Boxing Day saw the arrival of Sally's partner and we did the classic English Boxing Day cold cuts meal.  On the 27th Ken's children, Susan and Richard, were added into the mix and we caught up with them.


While all this was going on my 'mosquito bites???' which I had flown in with had turned into (nasty blistery) chicken pox as confirmed over the telephone by a doctor.  I had it as a child and only 13% of the population get it twice.  I have also had shingles (at 60) so was thrilled to be doing the rounds again.  By the time Christmas (and ours visitors) had gone I was feeling decidedly ill with it.  When it gets to the stage where you actually choose not to drink a cup of tea because the effort of having to pick up a cup several times is just too much, it is time to worry.

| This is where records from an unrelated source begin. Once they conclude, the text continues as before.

(* Let $X$ be a complex Banach space, $x\in X$ a unit vector, and $x^*\in X^*$ a functional that strongly exposes $x$. If $T=\{e^{tA}:t\ge 0\}$ is a $(C_0)$ contraction semigroup with generator $A$ such that \[\lim_{t\to\infty}|\langle T(t)x,x^*\rangle|=1,\] then $x$ is in the domain of $A$ and $Ax=i\lambda x$ for some real number $\lambda$.
   Context: Let $B$ denote the closed unit ball of $X$. For a unit vector $x^*\in X^*$ and $0<\alpha<1$, the slice is $S(B,x^*,\alpha)=\{y:\|y\|\le 1,\ \Re\langle y,x^*\rangle\ge 1-\alpha\}$. A functional $x^*\in X^*$ strongly exposes the unit vector $x$ if $\|x^*\|=1$, $\langle x,x^*\rangle = 1$, and $\lim_{\alpha\to0^+}\operatorname{diam} S(B,x^*,\alpha)=0$, where $\operatorname{diam} S=\sup\{\|y-z\|:y,z\in S\}$. *)

theory Defs
  imports "HOL-Analysis.Analysis"
begin

text \<open>HOL has no type class of complex vector spaces.  A complex normed space is
encoded as a real normed space together with a real-linear map J (multiplication
by the imaginary unit) with J (J x) = - x, such that the induced complex scalar
multiplication is absolutely homogeneous for the norm.\<close>

definition cscale :: "('a::real_normed_vector \<Rightarrow> 'a) \<Rightarrow> complex \<Rightarrow> 'a \<Rightarrow> 'a" where
  "cscale J c x = Re c *\<^sub>R x + Im c *\<^sub>R J x"

definition complex_structure :: "('a::real_normed_vector \<Rightarrow> 'a) \<Rightarrow> bool" where
  "complex_structure J \<longleftrightarrow> linear J \<and> (\<forall>x. J (J x) = - x) \<and>
     (\<forall>c x. norm (cscale J c x) = cmod c * norm x)"

definition dual_functional :: "('a::real_normed_vector \<Rightarrow> 'a) \<Rightarrow> ('a \<Rightarrow> complex) \<Rightarrow> bool" where
  "dual_functional J f \<longleftrightarrow> bounded_linear f \<and> (\<forall>x. f (J x) = \<i> * f x)"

I made an appointment with the doctor who diagnosed a staph infection and gave me antibiotics and antihistamine and an appointment for a week later.  I absolutely knew this was a wrong guess - but what can you do?  The antihistamine (non-drowsy) made me feel even worse! and I'm never happy loading myself with high dose antibiotics but...........


Meanwhile I was convinced I had a viral thing called pityriasis rosea and, when I went back to the surgery, the nurse and doctor had also come to this conclusion; without my suggesting it!  After upsetting more than my fair share of doctors by telling them what disease I've got, I have finally learned to keep schtum.  Why don't I just be brave and tell them and save all our grief and time?  If you are interested enough and click on the link the photos look exactly like I looked, other than its a man's hairy chest!  I am now on week six (13 Jan) and am just about feeling OK, so its been a long haul.  Sadly I have no tips on how to avoid this little treat.


So, as you've probably gathered my last couple of days at home consisted of flopping about the place and dreading the journey back over the pond to the sun.  I'll tell you how that went in my January epistle.